Account of a Woman Who Had the Small Pox during Pregnancy, and Who Seemed to Have Communicated the Same Disease to the Foetus. By John Hunter, Esq. F. R. S.
Author(s)
John Hunter
Year
1780
Volume
70
Pages
16 pages
Language
en
Journal
Philosophical Transactions of the Royal Society of London
Full Text (OCR)
VIII. Account of a Woman who had the Small Pox during Pregnancy, and who seemed to have communicated the same Disease to the Foetus. By John Hunter, Esq. F. R. S.
Read January 17, 1780.
MR. GRANT'S ACCOUNT.
On the 5th of December, 1776, Mrs. Ford had been seized with shivering and the other common symptoms of fever, to which were added great difficulty of breathing and a very hard cough. Mr. Grant saw her on the 7th; and he took from her eight ounces of blood, and gave her a composition of the saline mixture with spermaceti and magnesia every six hours.
This had operated by the 8th two or three times very gently, when most of the complaints were relieved; but the cough still shaking her violently, bleeding seemed necessary to be repeated, more particularly as she looked upon herself to be in the sixth month of her pregnancy. The medicine was continued without the magnesia.
In the evening (viz. the 8th) the small pox appeared, which proved of a mild kind, and moderate in quantity. Its progress was rather slower than might have been expected; but the woman passed through the disease in great spirits, sitting up the greatest part of the day during the whole time, and taking only a paregoric at night, and, as occasion required, a little magnesia: thus the symptoms were mitigated, and the cough at last became very little troublesome.
On the 25th she complained of a pain in her side. Eight ounces of blood were taken away. The next day she was quite free from pain, and thought herself as well on the 27th as her particular situation would admit of; after which she was not visited by Mr. GRANT till the 31st, when she was in labour.
Mr. WASTALL's letter on the same subject.
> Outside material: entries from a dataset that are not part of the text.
lemma pf2_peaks_at:
  assumes pf2: "pf2 a" and pos: "0 < a 0" and zero: "\<And>k. N \<le> k \<Longrightarrow> a k = 0"
  shows "\<exists>m. peaks_at a m"
proof -
  define m where "m = (LEAST k. a (Suc k) \<le> a k)"
  have falls: "a (Suc m) \<le> a m"
    unfolding m_def by (rule LeastI[of _ N]) (simp add: zero)
  have rises: "a i < a (Suc i)" if "i < m" for i
    using not_less_Least[of i "\<lambda>k. a (Suc k) \<le> a k"] that unfolding m_def by simp
  have "0 < a m"
  proof (cases m)
    case (Suc m')
    then show ?thesis using rises[of m'] by simp
  qed (use pos in simp)
  moreover have "a m * a (Suc i) \<le> a m * a i" if "m \<le> i" for i
  proof -
    have "a m * a (Suc i) \<le> a (Suc m) * a i" using pf2 that by (simp add: pf2_def)
    also have "\<dots> \<le> a m * a i" using falls by (rule mult_right_mono) simp
    finally show ?thesis .
  qed
  ultimately show ?thesis
    using rises unfolding peaks_at_def by (auto intro: less_imp_le)
qed

lemma pf2_coeff_linear_power_mult:
  assumes "pf2 (coeff p)"
  shows "pf2 (coeff ([:c, 1:] ^ m * p))"
  using assms
proof (induction m)
  case (Suc m)
  then show ?case
    using pf2_coeff_linear_mult[of "[:c, 1:] ^ m * p" c] by (simp only: power_Suc mult.assoc)
qed simp

lemma X_power_eq_monom: "([:0, 1:] :: 'a::comm_semiring_1 poly) ^ k = monom 1 k"
  by (simp add: monom_altdef)

lemma coeff_one_plus_X_power: "coeff ([:1, 1:] ^ m :: nat poly) k = m choose k"
proof (cases "k \<le> m")
  case True
  then show ?thesis by (simp add: coeff_linear_poly_power)
next
  case False
  have "degree ([:1, 1:] ^ m :: nat poly) \<le> m"
    using degree_power_le[of "[:1, 1:] :: nat poly" m] by simp
  then show ?thesis using False by (simp add: coeff_eq_0)
qed

lemma Suc_times_binomial_Suc: "Suc k * (n choose Suc k) = (n - k) * (n choose k)"
  using times_binomial_minus1_eq[of "Suc k" n] binomial_absorb_comp[of n k] by simp

lemma two_times_choose_two: "2 * (n choose 2) = n * (n - 1)"
  using times_binomial_minus1_eq[of 2 n] by simp

lemma binomial_log_concave:
  "(n choose k) * (n choose Suc (Suc k)) \<le> (n choose Suc k) * (n choose Suc k)"
proof (cases "k < n")
  case True
  let ?X = "(n choose k) * (n choose Suc (Suc k))" and ?Y = "(n choose Suc k) * (n choose Suc k)"
  have "?X * (Suc (Suc k) * (n - k)) =
      ((n - k) * (n choose k)) * (Suc (Suc k) * (n choose Suc (Suc k)))"
    by (simp only: mult_ac)
  also have "\<dots> = (Suc k * (n choose Suc k)) * ((n - Suc k) * (n choose Suc k))"
    by (simp only: Suc_times_binomial_Suc)
  also have "\<dots> = ?Y * (Suc k * (n - Suc k))"
    by (simp only: mult_ac)
  also have "\<dots> \<le> ?Y * (Suc (Suc k) * (n - k))"
    by (intro mult_left_mono mult_mono) simp_all
  finally show ?thesis using True by simp
qed (simp add: binomial_eq_0)

lemma log_concave_binomial_plus_indicator:
  fixes n :: nat
  defines "w \<equiv> \<lambda>k. (n choose k) + of_bool (k = n - 1)"
  shows "w k * w (Suc (Suc k)) \<le> w (Suc k) * w (Suc k)"
proof -
  consider "n < k + 2" | "n = k + 2" | "n = k + 3" | "k + 3 < n" by linarith
  then show ?thesis
  proof cases
    case 1
    then have "w (Suc (Suc k)) = 0" by (simp add: w_def binomial_eq_0)
    then show ?thesis by simp
  next
    case 2
    have "n choose k = n choose 2"
      using binomial_symmetric[of k n] 2 by simp
    then have "2 * w k = n * (n - 1)"
      using 2 two_times_choose_two[of n] by (simp add: w_def)
    moreover have "n * (n - 1) \<le> (n + 1) * (n + 1)" by (intro mult_le_mono) auto
    ultimately show ?thesis using 2 by (simp add: w_def)
  next
    case 3
    let ?Y = "n choose Suc k"
    have n_choose: "n choose Suc (Suc k) = n"
      using binomial_symmetric[of "Suc (Suc k)" n] 3 by simp
    have s1: "Suc k * ?Y = 3 * (n choose k)"
      using Suc_times_binomial_Suc[of k n] 3 by simp
    have s2: "Suc (Suc k) * n = 2 * ?Y"
      using Suc_times_binomial_Suc[of "Suc k" n] 3 n_choose by simp
    have "3 * ((n choose k) * (n + 1)) = (Suc k * ?Y) * (n + 1)"
      by (simp only: s1 mult.assoc)
    also have "\<dots> = ?Y * (Suc k * (n + 1))"
      by (simp only: mult_ac)
    also have "\<dots> \<le> ?Y * (3 * ?Y)"
    proof (rule mult_left_mono)
      have "2 * (Suc k * (n + 1)) \<le> 3 * (Suc (Suc k) * n)"
        using 3 by (simp add: algebra_simps)
      then show "Suc k * (n + 1) \<le> 3 * ?Y" using s2 by linarith
    qed simp
    finally show ?thesis using 3 n_choose by (simp add: w_def)
  next
    case 4
    then have "k \<noteq> n - 1" "Suc k \<noteq> n - 1" "Suc (Suc k) \<noteq> n - 1" by auto
    then show ?thesis using binomial_log_concave[of n k] by (simp add: w_def)
  qed
qed

lemma pf2_coeff_binomial_plus_monom:
  "pf2 (coeff ([:1, 1:] ^ n + monom 1 (n - 1) :: nat poly))"
proof -
  define w where "w k = (n choose k) + of_bool (k = n - 1)" for k
  have "coeff ([:1, 1:] ^ n + monom 1 (n - 1)) = w"
    unfolding coeff_add coeff_one_plus_X_power coeff_monom w_def by auto
  moreover have "pf2 w"
  proof (rule pf2I_log_concave)
    show "w k * w (Suc (Suc k)) \<le> w (Suc k) * w (Suc k)" for k
      unfolding w_def by (rule log_concave_binomial_plus_indicator)
    show "w (Suc k) = 0" if "w k = 0" for k
      using that by (auto simp: w_def binomial_eq_0_iff)
  qed
  ultimately show ?thesis by simp
qed

lemma binomial_increase_imp_below_middle:
  assumes "n choose j < n choose Suc j"
  shows "2 * j + 1 < n"
proof (rule ccontr)
  assume "\<not> 2 * j + 1 < n"
  then have "n choose Suc j \<le> n choose j"
    by (cases "Suc j \<le> n") (auto intro: binomial_antimono simp: binomial_eq_0)
  with assms show False by simp
qed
December 30, 1776, I was sent for to Mrs. FORD, a healthy woman, about twenty-two years of age, who was pregnant with her first child. She had come out of the country about three months before. Soon after her arrival in town she was seized with the small pox, and had been under the care of Messieurs HAWKINS and GRANT, who have favoured me with the particulars here annexed.
Vol. LXX.
I called upon her in the afternoon; she complained of violent griping pains in her bowels, darting down to the pubes. On examining I found the os tinæ a little dilated, with other symptoms of approaching labour. I sent her an anodyne spermaceti emulsion, and desired to be called if her pains increased. I was sent for. The labour advanced very slowly; her pains were long and severe; she was delivered of a dead child, with some difficulty.
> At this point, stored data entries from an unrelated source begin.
lemma normal_seq_multiples_density:
  assumes "normal_seq lam" and "0 < c" and "0 < \<epsilon>"
  shows "\<forall>\<^sub>F N in sequentially. (\<Sum>k=1..N. of_bool (\<not> lam (c * k))) \<le> (1 / 2 + \<epsilon>) * N"
proof -
  define q :: nat where "q = nat \<lceil>(c / \<epsilon>)\<^sup>2\<rceil> + 1"
  define a where "a = \<epsilon> * q / (2 * c)"
  \<comment> \<open>With this a the bound of sum_words_miss_bound_le becomes q/2 + c^2/(4\<epsilon>) + \<epsilon> q/4,
    and q is large enough for c^2/(4\<epsilon>) to be absorbed by the remaining 3\<epsilon> q/4.\<close>
  have "0 < q"
    by (simp add: q_def)
  then have "0 < a"
    using assms by (simp add: a_def)
  have "(c / \<epsilon>)\<^sup>2 < q"
    unfolding q_def by linarith
  then have c_small: "c\<^sup>2 < \<epsilon>\<^sup>2 * q"
    using assms by (simp add: field_simps power_divide)
  have mean: "(\<Sum>w\<in>words (c * q). miss_bound c q w) / 2 ^ (c * q) < real (c * q) * ((1 / 2 + \<epsilon>) / c)"
  proof -
    have "(\<Sum>w\<in>words (c * q). miss_bound c q w) / 2 ^ (c * q) \<le> q / 2 + c * (q / (8 * a) + a / 2)"
      using sum_words_miss_bound_le[OF \<open>0 < c\<close> \<open>0 < a\<close>, of q] by (simp add: field_simps)
    also have "\<dots> = q / 2 + c\<^sup>2 / (4 * \<epsilon>) + \<epsilon> * q / 4"
      using assms \<open>0 < q\<close> by (simp add: a_def field_simps power2_eq_square)
    also have "\<dots> < (1 / 2 + \<epsilon>) * q"
    proof -
      have "0 \<le> \<epsilon>\<^sup>2 * q"
        by simp
      then have "c\<^sup>2 < 3 * (\<epsilon>\<^sup>2 * q)"
        using c_small by linarith
      then show ?thesis
        using assms by (simp add: field_simps power2_eq_square)
    qed
    also have "\<dots> = real (c * q) * ((1 / 2 + \<epsilon>) / c)"
      using assms by simp
    finally show ?thesis .
  qed
  have "\<forall>\<^sub>F M in sequentially. (\<Sum>j\<in>{1..M}. of_bool (c dvd j \<and> \<not> lam j)) \<le> (1 / 2 + \<epsilon>) / c * M"
    using assms(1) _ _ _ sum_progression_misses_le_miss_bound[OF \<open>0 < c\<close>] mean
    by (rule normal_seq_upper_density_le) (use assms \<open>0 < q\<close> in auto)
  then have "\<forall>\<^sub>F N in sequentially. (\<Sum>j\<in>{1..c * N}. of_bool (c dvd j \<and> \<not> lam j)) \<le> (1 / 2 + \<epsilon>) / c * (c * N)"
    using mult_nat_left_at_top[OF \<open>0 < c\<close>] by (rule eventually_compose_filterlim)
  then show ?thesis
    using assms by (simp only: sum_multiples_eq) simp
qed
Observing an eruption all over the body of the child, and several of the pustules filled with matter, I examined them more particularly; and recollecting, that Dr. Leake, in his Introductory Lecture to the Practice of Midwifry, had observed, that it might be necessary to inquire, whether those adults who are said totally to escape the smallpox have not been previously affected with it in the womb, I sent a note to Dr. Leake, and likewise to Dr. Hunter, in hopes of ascertaining a fact hitherto much doubted. Dr. Leake came the same evening, and saw the child. Dr. Hunter came afterwards, with Mr. Cruickshanks, and examined it; also Mr. John Hunter and Mr. Falconer; who all concurred with me, that the eruption on the child was the smallpox. Dr. Hunter thought the eruption so like the smallpox that he could hardly doubt; but said, that in all other cases of the same kind,
that he had met with, the child in utero had escaped the contagion.
From Mr. GRANT's notes.
The eruption appeared on Mrs. FORD in the evening of the 8th of December, and she was delivered the 31st, that is, twenty-three days after the appearance of the eruptions.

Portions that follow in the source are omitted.